Do USB Female to two USB Male Adaptors exist? I want to connect and share my flash drive using usb cables.

I've an attached pic to explain:


----------



## Volt-Schwibe (Jan 12, 2003)

sadly, i am 99.999% sure that two computers cannot mount the same disk at the same time, regardless of the type of disk...

this would have to be done through filesharing in either windows or samba (on linux)

now, also, there would be serious conflict issues from both computers trying to allocate USB addresses to the same device.

think of a usb like a tiny little network, there's only so many addresses to go around, and more importantly, exactly like two routers trying to be in charge of the same network, the two USB networks together are going to cause the two USB controllers to have that same fight, only one can have control, but both insist it's them that should have it.

and, that's if there isn't a direct voltage incompatibilty.

what i'm saying is, there may some day be someone who makes something like this, but it's not here yet, i can tell you that.


----------



## XP1 (Apr 10, 2005)

Volt-Schwibe said:


> sadly, i am 99.999% sure that two computers cannot mount the same disk at the same time, regardless of the type of disk...
> 
> this would have to be done through filesharing in either windows or samba (on linux)
> 
> ...


Thank you in taking the time to explain that. I hope they do think about making something like this that works. :grin:


----------



## Volt-Schwibe (Jan 12, 2003)

what could be made, would be some sort of a mini server. it wouldn't matter if it ran on linux or not, but it would simply mount the drive, and share it. 

then it would just have to appear to each machine like a thumbdrive.

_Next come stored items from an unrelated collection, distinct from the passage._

(* Consider a controlled Markov chain with finite state space $X$, finite action set $U$, unknown transition probabilities $p$ and rewards $r(x,u)\in(0,1]$, controlled by the RBMLE algorithm described in the context, with parameters $a>0$, $b>2$. Let $\mathcal{G}_1:=\{\omega: p\in\mathcal{C}(t)\ \forall t\in\mathbb{N}\}$. Then on $\mathcal{G}_1$, for every optimal policy $\pi^{\star}\in\Pi^{\star}(p)$, \[ I_k(\pi^{\star})\ge\alpha(\tau_k)(1-\gamma)J^{\star}(p)\quad\forall k=1,2,\dots,K, \] where $\gamma:=\frac{|X|^3|U|}{2a\,p_{\min}J^{\star}(p)}$ and $K$ is the number of episodes considered.
   Context: $\Pi_{sd}$: stationary deterministic policies $X\to U$. $J(\theta,\pi)$: long-term average reward under transition kernel $\theta$ and policy $\pi$; $J^{\star}(\theta)=\max_{\pi\in\Pi_{sd}}J(\theta,\pi)$; $\Pi^{\star}(p)=\arg\max_{\pi\in\Pi_{sd}}J(p,\pi)$. Known information: the zero pattern of $p$ and $p_{\min}:=\min_{(x,y,u):p(x,y,u)>0}p(x,y,u)$. $\Theta$: all $\theta\in[0,1]^{|X|\times|X|\times|U|}$ with $\theta(x,y,u)=0$ whenever $p(x,y,u)=0$ and $\sum_y\theta(x,y,u)=1$; $\theta(x,u)=\{\theta(x,y,u)\}_y$. $KL(p_1,p_2)=\sum_xp_1(x)\log\frac{p_1(x)}{p_2(x)}$. $n(x,u;t)$: number of times action $u$ was applied in state $x$ up to time $t$; $n(x,y,u;t)$: number of those followed by a move to $y$; $\hat p(x,y,u;t)=\frac{n(x,y,u;t)}{n(x,u;t)\vee1}$. $d_1(x,u;t)=\sqrt{\log(t^b|X|^2|U|)/n(x,u;t)}$ and $\mathcal{C}(t)=\{\theta\in\Theta:|\theta(x,y,u)-\hat p(x,y,u;t)|\le d_1(x,u;t)\ \forall(x,y,u)\}$. Episodes $\mathcal{E}_k=[\tau_k,\tau_{k+1}-1]$, $|\mathcal{E}_k|=2^k$; $n_k=n(\cdot;\tau_k)$, $\hat p_k=\hat p(\tau_k)$; $\alpha(t)=a\log(t^b|X|^2|U|)$. Index: $I_k(\pi)=\max_{\theta\in\Theta}\{\alpha(\tau_k)J(\theta,\pi)-\sum_{(x,u)}n_k(x,u)KL(\hat p_k(x,u),\theta(x,u))\}$; RBMLE applies $\pi_k\in\arg\max_{\pi\in\Pi_{sd}}I_k(\pi)$ during episode $k$. *)

theory Defs
  imports Complex_Main
begin

text \<open>A transition kernel theta is a function theta x y u = probability of moving from x to y
  under action u. Policies in Pi_sd are functions 'x => 'u.\<close>

fun mdist :: "('x::finite \<Rightarrow> 'x \<Rightarrow> 'u \<Rightarrow> real) \<Rightarrow> ('x \<Rightarrow> 'u) \<Rightarrow> 'x \<Rightarrow> nat \<Rightarrow> 'x \<Rightarrow> real" where
  "mdist \<theta> \<pi> x0 0 y = (if y = x0 then 1 else 0)"
| "mdist \<theta> \<pi> x0 (Suc t) y = (\<Sum>z\<in>UNIV. mdist \<theta> \<pi> x0 t z * \<theta> z y (\<pi> z))"

text \<open>Long-term average reward J(theta, pi) from initial state x0 (Cesaro limit, which
  exists for finite chains).\<close>
definition avg_reward :: "('x::finite \<Rightarrow> 'u \<Rightarrow> real) \<Rightarrow> ('x \<Rightarrow> 'x \<Rightarrow> 'u \<Rightarrow> real) \<Rightarrow> ('x \<Rightarrow> 'u) \<Rightarrow> 'x \<Rightarrow> real" where
  "avg_reward r \<theta> \<pi> x0 =
     lim (\<lambda>T. (\<Sum>t<T. \<Sum>y\<in>UNIV. mdist \<theta> \<pi> x0 t y * r y (\<pi> y)) / real T)"

definition opt_gain :: "('x::finite \<Rightarrow> 'u::finite \<Rightarrow> real) \<Rightarrow> ('x \<Rightarrow> 'x \<Rightarrow> 'u \<Rightarrow> real) \<Rightarrow> 'x \<Rightarrow> real" where
  "opt_gain r \<theta> x0 = Max ((\<lambda>\<pi>. avg_reward r \<theta> \<pi> x0) ` UNIV)"

definition opt_policies :: "('x::finite \<Rightarrow> 'u::finite \<Rightarrow> real) \<Rightarrow> ('x \<Rightarrow> 'x \<Rightarrow> 'u \<Rightarrow> real) \<Rightarrow> 'x \<Rightarrow> ('x \<Rightarrow> 'u) set" where
  "opt_policies r \<theta> x0 = {\<pi>. avg_reward r \<theta> \<pi> x0 = opt_gain r \<theta> x0}"

definition pmin :: "('x \<Rightarrow> 'x \<Rightarrow> 'u \<Rightarrow> real) \<Rightarrow> real" where
  "pmin p = Min {p x y u | x y u. p x y u > 0}"

text \<open>Theta: kernels with the (known) zero pattern of p.\<close>
definition Theta :: "('x::finite \<Rightarrow> 'x \<Rightarrow> 'u \<Rightarrow> real) \<Rightarrow> ('x \<Rightarrow> 'x \<Rightarrow> 'u \<Rightarrow> real) set" where
  "Theta p = {\<theta>. (\<forall>x y u. 0 \<le> \<theta> x y u \<and> \<theta> x y u \<le> 1 \<and> (p x y u = 0 \<longrightarrow> \<theta> x y u = 0))
                 \<and> (\<forall>x u. (\<Sum>y\<in>UNIV. \<theta> x y u) = 1)}"

definition is_kernel :: "('x::finite \<Rightarrow> 'x \<Rightarrow> 'u \<Rightarrow> real) \<Rightarrow> bool" where
  "is_kernel p \<longleftrightarrow> (\<forall>x y u. 0 \<le> p x y u) \<and> (\<forall>x u. (\<Sum>y\<in>UNIV. p x y u) = 1)"

definition KL :: "('x::finite \<Rightarrow> real) \<Rightarrow> ('x \<Rightarrow> real) \<Rightarrow> real" where
  "KL q1 q2 = (\<Sum>y\<in>UNIV. q1 y * ln (q1 y / q2 y))"

text \<open>Counts along a trajectory (time starts at 1): n(x,u;t) counts times s with 1 <= s < t,
  i.e. the transitions observed before time t.\<close>
definition cnt :: "(nat \<Rightarrow> 'x) \<Rightarrow> (nat \<Rightarrow> 'u) \<Rightarrow> 'x \<Rightarrow> 'u \<Rightarrow> nat \<Rightarrow> nat" where
  "cnt xs us x u t = card {s \<in> {1..<t}. xs s = x \<and> us s = u}"

definition cnt3 :: "(nat \<Rightarrow> 'x) \<Rightarrow> (nat \<Rightarrow> 'u) \<Rightarrow> 'x \<Rightarrow> 'x \<Rightarrow> 'u \<Rightarrow> nat \<Rightarrow> nat" where
  "cnt3 xs us x y u t = card {s \<in> {1..<t}. xs s = x \<and> us s = u \<and> xs (Suc s) = y}"

definition phat :: "(nat \<Rightarrow> 'x) \<Rightarrow> (nat \<Rightarrow> 'u) \<Rightarrow> 'x \<Rightarrow> 'x \<Rightarrow> 'u \<Rightarrow> nat \<Rightarrow> real" where
  "phat xs us x y u t = real (cnt3 xs us x y u t) / real (max (cnt xs us x u t) 1)"

text \<open>Confidence set C(t); when n(x,u;t) = 0 the radius d_1 is infinite (no constraint).\<close>
definition conf_set :: "real \<Rightarrow> ('x::finite \<Rightarrow> 'x \<Rightarrow> 'u::finite \<Rightarrow> real) \<Rightarrow> (nat \<Rightarrow> 'x) \<Rightarrow> (nat \<Rightarrow> 'u) \<Rightarrow> nat
     \<Rightarrow> ('x \<Rightarrow> 'x \<Rightarrow> 'u \<Rightarrow> real) set" where
  "conf_set b p xs us t = {\<theta> \<in> Theta p. \<forall>x y u. cnt xs us x u t > 0 \<longrightarrow>
      \<bar>\<theta> x y u - phat xs us x y u t\<bar>
        \<le> sqrt (ln (real t powr b * real (card (UNIV :: 'x set))^2 * real (card (UNIV :: 'u set))) / real (cnt xs us x u t))}"

text \<open>Episode start times: tau_1 = 1, |E_k| = 2^k, so tau_k = 2^k - 1.\<close>
definition tau :: "nat \<Rightarrow> nat" where
  "tau k = 2^k - 1"

definition alpha :: "real \<Rightarrow> real \<Rightarrow> nat \<Rightarrow> nat \<Rightarrow> nat \<Rightarrow> real" where
  "alpha a b nX nU t = a * ln (real t powr b * real nX ^ 2 * real nU)"

text \<open>The maximum over Theta is rendered as a supremum over those theta
  for which every KL term is finite (theta > 0 wherever the empirical estimate is positive);
  kernels with an infinite KL term give value -infinity and do not affect the maximum.\<close>
definition rb_index :: "('x::finite \<Rightarrow> 'u::finite \<Rightarrow> real) \<Rightarrow> ('x \<Rightarrow> 'x \<Rightarrow> 'u \<Rightarrow> real)
     \<Rightarrow> (nat \<Rightarrow> 'x) \<Rightarrow> (nat \<Rightarrow> 'u) \<Rightarrow> real \<Rightarrow> real \<Rightarrow> nat \<Rightarrow> ('x \<Rightarrow> 'u) \<Rightarrow> real" where
  "rb_index r p xs us a b k \<pi> =
     Sup {alpha a b (card (UNIV :: 'x set)) (card (UNIV :: 'u set)) (tau k) * avg_reward r \<theta> \<pi> (xs 1)
          - (\<Sum>x\<in>UNIV. \<Sum>u\<in>UNIV. real (cnt xs us x u (tau k))
               * KL (\<lambda>y. phat xs us x y u (tau k)) (\<lambda>y. \<theta> x y u))
         | \<theta>. \<theta> \<in> Theta p \<and> (\<forall>x y u. phat xs us x y u (tau k) > 0 \<longrightarrow> \<theta> x y u > 0)}"

text \<open>Sample paths of the RBMLE algorithm: every observed transition has positive probability,
  and during episode k the action is pi_k(x_t) with pi_k maximizing I_k.\<close>
definition rbmle_path :: "('x::finite \<Rightarrow> 'u::finite \<Rightarrow> real) \<Rightarrow> ('x \<Rightarrow> 'x \<Rightarrow> 'u \<Rightarrow> real)
     \<Rightarrow> real \<Rightarrow> real \<Rightarrow> (nat \<Rightarrow> 'x) \<Rightarrow> (nat \<Rightarrow> 'u) \<Rightarrow> bool" where
  "rbmle_path r p a b xs us \<longleftrightarrow>
     (\<forall>t\<ge>1. p (xs t) (xs (Suc t)) (us t) > 0) \<and>
     (\<exists>pol :: nat \<Rightarrow> 'x \<Rightarrow> 'u. \<forall>k\<ge>1.
        (\<forall>\<pi>. rb_index r p xs us a b k \<pi> \<le> rb_index r p xs us a b k (pol k)) \<and>
        (\<forall>t\<in>{tau k..<tau (Suc k)}. us t = pol k (xs t)))"

end

theory Submission
  imports Defs "HOL-Analysis.Analysis"
begin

but, it would be a small computer in itself, much like the way they build network disks, like this one http://www.lacie.com/products/product.htm?pid=10594


----------



## XP1 (Apr 10, 2005)

Volt-Schwibe said:


> what could be made, would be some sort of a mini server. it wouldn't matter if it ran on linux or not, but it would simply mount the drive, and share it.
> 
> then it would just have to appear to each machine like a thumbdrive.
> 
> but, it would be a small computer in itself, much like the way they build network disks, like this one http://www.lacie.com/products/product.htm?pid=10594


Well then, just have to wait and see..:1angel:


----------